We just got a can of Fluker's crickets and when I opened it I was surprised at how big they are...maybe an inch to an inch and a half long. Since I'm used to using canned mealworms (which are much smaller), I'm concerned that Pippin might choke on the cricket. Is it best to

a) mince up the cricket before serving (yuk, but we love Pippin and would do it)
b) buy smaller crickets (and if so, any recommended brands?)
c) just give him the whole cricket

Many thanks to all for your kind advice!


----------



## Lilysmommy (Jan 7, 2009)

I'd go ahead and give it to him.  Hedgehogs are pretty good at chewing their food up well, usually if they choke on anything, it's something inappropriate for them (like seeds or nuts) or a kibble shape that easily gets stuck in the roof of their mouth & causes choking. Hedgehogs are able to handle things like pinky mice, so I don't see any issues with a large cricket. I don't know whether you'd be able to get smaller ones canned. I think as far as I've seen, they're a "one size only" kind of thing, but I could be wrong. You can buy live ones in different sizes though.


----------



## gracefulchaos01 (Mar 19, 2014)

Personally I get canned crickets and smash them with a meat tenderizer before I give them out. Most likely Kelsey is right and they can handle it but those canned crickets are the size of my hedgies heads! I figure a little squashing makes me feel better. And the kids don't mind. Squished cricket is a rare treat for them.

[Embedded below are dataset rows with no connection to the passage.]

theorem count_bounded_hyperplane_split:
  assumes low: "B \<in> count_bounded lo hi n r" "prefix_count B x < j"
    and high: "B' \<in> count_bounded lo hi n r" "j < prefix_count B' x"
  shows "has_nontrivial_hyperplane_split {1..n} (count_bounded lo hi n r)"
proof -
  let ?P = "base_polytope (count_bounded lo hi n r)"
  let ?H = "{p. prefix_sum x p = real j}"
  define \<B>1 where "\<B>1 = {B\<in>count_bounded lo hi n r. j \<le> prefix_count B x}"
  define \<B>2 where "\<B>2 = {B\<in>count_bounded lo hi n r. prefix_count B x \<le> j}"
  have P1: "base_polytope \<B>1 = ?P \<inter> {p. real j \<le> prefix_sum x p}"
    unfolding \<B>1_def base_polytope_count_bounded_upper ..
  have P2: "base_polytope \<B>2 = ?P \<inter> {p. prefix_sum x p \<le> real j}"
    unfolding \<B>2_def base_polytope_count_bounded_lower ..
  have "B' \<in> \<B>1" "B \<in> \<B>2" using low high unfolding \<B>1_def \<B>2_def by auto
  then have matroids: "matroid_bases {1..n} \<B>1" "matroid_bases {1..n} \<B>2"
    unfolding \<B>1_def \<B>2_def count_bounded_restrict_upper count_bounded_restrict_lower
    by (intro count_bounded_matroid; blast)+
  have cover: "?P = base_polytope \<B>1 \<union> base_polytope \<B>2" unfolding P1 P2 by auto
  have "convex (base_polytope \<B>1)" "convex (base_polytope \<B>2)" unfolding base_polytope_def by simp_all
  moreover have "\<forall>p\<in>base_polytope \<B>1. real j \<le> prefix_sum x p" "\<forall>p\<in>base_polytope \<B>2. prefix_sum x p \<le> real j"
    unfolding P1 P2 by auto
  ultimately have "(base_polytope \<B>1 \<inter> ?H) face_of base_polytope \<B>1"
    "(base_polytope \<B>2 \<inter> ?H) face_of base_polytope \<B>2"
    by (auto intro!: face_of_level_set_one_side linear_prefix_sum)
  moreover have "base_polytope \<B>1 \<inter> base_polytope \<B>2 = base_polytope \<B>1 \<inter> ?H"
    "base_polytope \<B>1 \<inter> base_polytope \<B>2 = base_polytope \<B>2 \<inter> ?H"
    unfolding P1 P2 by auto
  ultimately have faces: "(base_polytope \<B>1 \<inter> base_polytope \<B>2) face_of base_polytope \<B>1"
    "(base_polytope \<B>1 \<inter> base_polytope \<B>2) face_of base_polytope \<B>2" by simp_all
  have "indicator_vec B \<in> ?P" "indicator_vec B' \<in> ?P"
    unfolding base_polytope_def using low(1) high(1) by (auto intro: hull_inc)
  moreover have "indicator_vec B \<notin> base_polytope \<B>1" "indicator_vec B' \<notin> base_polytope \<B>2"
    unfolding P1 P2 using low(2) high(2) by (auto simp: prefix_sum_indicator_vec)
  ultimately have proper: "base_polytope \<B>1 \<noteq> ?P" "base_polytope \<B>2 \<noteq> ?P" by auto
  show ?thesis
    unfolding has_nontrivial_hyperplane_split_def using matroids cover faces proper by blast
qed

Edit. I noticed the live feeder crickets they sell at petsmart are much smaller. I'm considering buying a few, feeding them healthy veggies for a couple of days and then freezing them for the hedgies. It might be an option for you too.


----------



## Draenog (Feb 27, 2012)

I don't give canned stuff, only live, but mine get grasshoppers as well and they are way bigger than crickets. I've never had any problems feeding crickets or grasshoppers.


----------



## Tongue_Flicker (Jun 11, 2013)

Manage one? Mine definitely destroy more than 10. Some hedgies react differently upon smelling crickets though. Some go nuts and berserk eat it, others quill up and gets freaked out by it.


----------



## Koalamama (Jan 1, 2014)

thanks to all! we will forge ahead and offer the crickets...and I love the idea of smushing rather than mincing. all your advice is much appreciated.


----------